Séisme au ministère de l’Intérieur… Caïds, pachas et élus au cœur d’un scandale de “construction anarchique”, des enquêtes révèlent des méthodes frauduleuses dangereuses !

Ariffino.net
Le ministère de l’Intérieur mène une vaste campagne contre le phénomène de la construction anarchique qui s’est aggravé dans plusieurs régions du Royaume. Des enquêtes de terrain ont révélé l’implication directe de certains agents d’autorité et élus dans la couverture ou la facilitation de ces infractions, notamment dans les régions de Casablanca-Settat et Marrakech-Safi.
Complicité et dissimulation… Comment des terres agricoles sont-elles devenues des projets résidentiels et touristiques ?
Des sources informées rapportent que les rapports des commissions d’inspection du ministère ont mis en lumière un manque de coordination important, et même des cas de complicité explicite entre élus et agents d’autorité, y compris des caïds et des pachas. Ces infractions comprenaient l’octroi de permis de construire sans consulter les agences urbaines, seules habilitées à le faire. En conséquence, de nombreuses terres agricoles, en particulier dans la province de Berrechid, ont été illégalement transformées.
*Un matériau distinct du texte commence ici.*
text \<open>One step of a Cholesky-type elimination.\<close>

lemma psd_diff_outer_column:
  assumes p: "psd A" and ne: "A$i$i \<noteq> 0"
  defines "c \<equiv> (\<chi> j. A$j$i / of_real (sqrt (Re (A$i$i))))"
  shows "psd (A - outer c)" and "(A - outer c)$i$i = 0"
    and "\<And>j. A$j$j = 0 \<Longrightarrow> (A - outer c)$j$j = 0"
proof -
  have h: "hermitian A" using p by (simp add: psd_iff_hermitian_nonneg)
  define r where "r = Re (A$i$i)"
  have Aii: "A$i$i = of_real r" using hermitian_diag_real[OF h, of i] unfolding r_def .
  have r: "r > 0" using psd_diag_nonneg[OF p, of i] ne Aii unfolding r_def[symmetric]
    by (cases "r = 0") auto
  have sr: "of_real (sqrt r) * of_real (sqrt r) = (of_real r :: complex)"
  proof -
    have "sqrt r * sqrt r = r" using r by simp
    thus ?thesis by (metis of_real_mult)
  qed
  have oc: "outer c $ j $ k = A$j$i * A$i$k / of_real r" for j k
  proof -
    have "outer c $ j $ k = A$j$i * cnj (A$k$i) / (of_real (sqrt r) * of_real (sqrt r))"
      by (simp add: outer_def c_def r_def)
    thus ?thesis by (simp add: sr hermitian_cnj_entry[OF h])
  qed
  have "0 \<le> Re (quad_form (A - outer c) v)" for v
  proof -
    have "cinner c v = (A *v v)$i / of_real (sqrt r)"
      by (simp add: cinner_def c_def r_def matrix_vector_mult_def hermitian_cnj_entry[OF h]
          sum_divide_distrib mult.commute)
    hence "(cmod (cinner c v))^2 = (cmod ((A *v v)$i))^2 / r"
      using r by (simp add: norm_divide power_divide)
    also have "\<dots> \<le> Re (quad_form A v)"
      using psd_cauchy_schwarz[OF p, of v i] r
      by (simp add: pos_divide_le_eq[OF r] mult.commute flip: r_def)
    finally show ?thesis by (simp add: quad_form_diff quad_form_outer)
  qed
  moreover have "hermitian (A - outer c)"
    using h by (simp add: hermitian_def adj_diff adj_outer)
  ultimately show "psd (A - outer c)" by (simp add: psd_iff_hermitian_nonneg)
  show "(A - outer c)$i$i = 0" using r by (simp add: oc Aii power2_eq_square)
  show "(A - outer c)$j$j = 0" if "A$j$j = 0" for j
    using psd_diag_zero_imp_zero[OF p that, of i] that by (simp add: oc)
qed

lemma psd_eq_sum_outer: "psd A \<Longrightarrow> \<exists>cs. A = sum_list (map outer cs)"
proof (induction "card {i. A$i$i \<noteq> 0}" arbitrary: A rule: less_induct)
  case less
  show ?case
  proof (cases "\<exists>i. A$i$i \<noteq> 0")
    case False
    then have "A = 0" using psd_diag_zero_imp_zero[OF less.prems] by (simp add: vec_eq_iff)
    thus ?thesis by (intro exI[of _ "[]"]) simp
  next
    case True
    then obtain i where i: "A$i$i \<noteq> 0" by blast
    define c where "c = (\<chi> j. A$j$i / of_real (sqrt (Re (A$i$i))))"
    note step = psd_diff_outer_column[OF less.prems i, folded c_def]
    have "{j. (A - outer c)$j$j \<noteq> 0} \<subset> {j. A$j$j \<noteq> 0}" using step(2,3) i by auto
    hence "card {j. (A - outer c)$j$j \<noteq> 0} < card {j. A$j$j \<noteq> 0}"
      by (rule psubset_card_mono[OF finite])
    from less.hyps[OF this step(1)] obtain cs where "A - outer c = sum_list (map outer cs)"
      by blast
    hence "A = sum_list (map outer (c # cs))" by (simp add: algebra_simps)
    thus ?thesis by blast
  qed
qed

lemma mtrace_add: "mtrace (A + B) = mtrace A + mtrace B"
  by (simp add: mtrace_def sum.distrib)

lemma mtrace_sum_list: "mtrace (sum_list (map f xs)) = (\<Sum>x\<leftarrow>xs. mtrace (f x))"
  by (induction xs) (simp_all add: mtrace_add, simp add: mtrace_def)

lemma mtrace_outer: "mtrace (outer v) = of_real ((norm v)^2)"
  by (simp add: mtrace_def outer_def mult_cnj_self norm_vec_power2)

lemma density_eq_sum_outer:
  assumes "density r"
  obtains cs where "r = sum_list (map outer cs)" "(\<Sum>c\<leftarrow>cs. (norm c)^2) = 1"
proof -
  obtain cs where cs: "r = sum_list (map outer cs)"
    using psd_eq_sum_outer assms by (auto simp: density_def)
  have "1 = Re (mtrace r)" using assms by (simp add: density_def)
  also have "\<dots> = (\<Sum>c\<leftarrow>cs. (norm c)^2)"
    unfolding cs mtrace_sum_list by (induction cs) (simp_all add: mtrace_outer)
  finally show ?thesis using that cs by simp
qed

lemma density_outer: "norm v = 1 \<Longrightarrow> density (outer v)"
  by (simp add: density_def psd_iff_hermitian_nonneg hermitian_def adj_outer quad_form_outer
      mtrace_outer)

section \<open>Energies of separable states\<close>

lemma matrix_add_rdistrib: "(A + B) ** (C::complex^'p^'n) = A ** C + B ** C"
  by (simp add: vec_eq_iff matrix_matrix_mult_def distrib_right sum.distrib)

lemma kron_add_left: "kron (A + B) C = kron A C + kron B C"
  by (simp add: kron_def vec_eq_iff algebra_simps)

lemma kron_add_right: "kron C (A + B) = kron C A + kron C B"
  by (simp add: kron_def vec_eq_iff algebra_simps)

lemma kron_sum_list_left: "kron (sum_list (map f xs)) B = (\<Sum>x\<leftarrow>xs. kron (f x) B)"
  by (induction xs) (simp_all add: kron_add_left, simp add: kron_def vec_eq_iff)

lemma kron_sum_list_right: "kron B (sum_list (map f xs)) = (\<Sum>x\<leftarrow>xs. kron B (f x))"
  by (induction xs) (simp_all add: kron_add_right, simp add: kron_def vec_eq_iff)

lemma scaleR_matrix_entry: "((t::real) *\<^sub>R (A::complex^'n^'m)) $ i $ j = of_real t * A$i$j"
  unfolding vector_scaleR_component by (simp add: scaleR_conv_of_real)

lemma kron_scaleR: "kron (s *\<^sub>R A) (t *\<^sub>R B) = (s * t) *\<^sub>R kron A B"
  by (simp add: kron_def vec_eq_iff scaleR_matrix_entry)

lemma outer_scaleR: "outer (t *\<^sub>R v) = t\<^sup>2 *\<^sub>R outer v"
  unfolding outer_def vec_eq_iff vector_scaleR_component vec_lambda_beta
  by (simp add: scaleR_conv_of_real power2_eq_square mult_ac)

lemma energy_add: "energy (A + B) H = energy A H + energy B H"
  by (simp add: energy_def matrix_add_rdistrib mtrace_add)

lemma energy_scaleR: "energy (t *\<^sub>R A) H = t * energy A H"
  by (simp add: energy_def mtrace_def matrix_matrix_mult_def scaleR_matrix_entry
      sum_distrib_left mult.assoc)

lemma linear_energy: "linear (\<lambda>\<rho>. energy \<rho> H)"
  by (rule linearI) (simp_all add: energy_add energy_scaleR)

lemma energy_uminus: "energy \<rho> (- H) = - energy \<rho> H"
  by (simp add: energy_def mtrace_def matrix_matrix_mult_def sum_negf)

lemma energy_sum_list: "energy (sum_list (map f xs)) H = (\<Sum>x\<leftarrow>xs. energy (f x) H)"
  by (induction xs) (simp_all add: energy_add, simp add: energy_def mtrace_def)

definition product_energy ::
    "complex^('a::finite \<times> 'b::finite)^('a \<times> 'b) \<Rightarrow> complex^'a \<Rightarrow> complex^'b \<Rightarrow> real" where
  "product_energy H v w = energy (kron (outer v) (outer w)) H"

lemma product_energy_uminus: "product_energy (- H) v w = - product_energy H v w"
  by (simp add: product_energy_def energy_uminus)

lemma product_energy_scaleR:
  "product_energy H (s *\<^sub>R v) (t *\<^sub>R w) = (s\<^sup>2 * t\<^sup>2) * product_energy H v w"
  by (simp add: product_energy_def outer_scaleR kron_scaleR energy_scaleR)

lemma product_energy_le_norm:
  assumes unit: "\<And>v w. norm v = 1 \<Longrightarrow> norm w = 1 \<Longrightarrow> product_energy H v w \<le> M"
  shows "product_energy H v w \<le> M * (norm v)\<^sup>2 * (norm w)\<^sup>2"
proof (cases "v = 0 \<or> w = 0")
  case True
  thus ?thesis by (auto simp: product_energy_def outer_def kron_def energy_def mtrace_def
      matrix_matrix_mult_def)
next
  case False
  define v' where "v' = (1 / norm v) *\<^sub>R v"
  define w' where "w' = (1 / norm w) *\<^sub>R w"
  have "v = norm v *\<^sub>R v'" "w = norm w *\<^sub>R w'" using False by (auto simp: v'_def w'_def)
  hence "product_energy H v w = ((norm v)\<^sup>2 * (norm w)\<^sup>2) * product_energy H v' w'"
    by (metis product_energy_scaleR)
  also have "\<dots> \<le> ((norm v)\<^sup>2 * (norm w)\<^sup>2) * M"
    using False by (intro mult_left_mono unit) (auto simp: v'_def w'_def)
  finally show ?thesis by (simp add: mult_ac)
qed

lemma energy_kron_density_le:
  assumes "density ra" "density rb"
    and unit: "\<And>v w. norm v = 1 \<Longrightarrow> norm w = 1 \<Longrightarrow> product_energy H v w \<le> M"
  shows "energy (kron ra rb) H \<le> M"
proof -
  obtain cs where cs: "ra = sum_list (map outer cs)" "(\<Sum>c\<leftarrow>cs. (norm c)\<^sup>2) = 1"
    using density_eq_sum_outer[OF assms(1)] by blast
  obtain ds where ds: "rb = sum_list (map outer ds)" "(\<Sum>d\<leftarrow>ds. (norm d)\<^sup>2) = 1"
    using density_eq_sum_outer[OF assms(2)] by blast
  have "energy (kron ra rb) H = (\<Sum>d\<leftarrow>ds. \<Sum>c\<leftarrow>cs. product_energy H c d)"
    by (simp add: cs(1) ds(1) kron_sum_list_left kron_sum_list_right energy_sum_list
        product_energy_def o_def)
  also have "\<dots> \<le> (\<Sum>d\<leftarrow>ds. \<Sum>c\<leftarrow>cs. M * (norm c)\<^sup>2 * (norm d)\<^sup>2)"
    by (intro sum_list_mono product_energy_le_norm unit)
  also have "\<dots> = M * (\<Sum>c\<leftarrow>cs. (norm c)\<^sup>2) * (\<Sum>d\<leftarrow>ds. (norm d)\<^sup>2)"
    by (simp add: sum_list_const_mult mult.assoc sum_list_mult_const)
  finally show ?thesis using cs(2) ds(2) by simp
qed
Faux permis et manipulation des registres… Les détails du réseau de corruption révélés par les enquêtes
Les personnes impliquées ont eu recours à diverses méthodes frauduleuses, telles que l’antidatage de permis, la distribution de permis pré-signés, et la manipulation des numéros de série des documents administratifs. De plus, des relevés aériens par drones ont révélé un grand nombre de constructions illégales pour lesquelles aucun procès-verbal d’infraction n’avait été dressé par les agents d’autorité concernés.
Le “ministère-mère” frappe d’une main de fer… Suspensions et sanctions imminentes pour les impliqués
Face à cette situation, l’administration centrale du ministère de l’Intérieur a adressé des instructions fermes aux gouverneurs. Sur la base des rapports de l’Inspection Générale de l’Administration Territoriale, plusieurs caïds suspects ont déjà été relevés de leurs fonctions, en attendant des sanctions disciplinaires et judiciaires. Ces mesures confirment la détermination du ministère à ne tolérer aucune atteinte à l’autorité de l’État dans le domaine de l’urbanisme.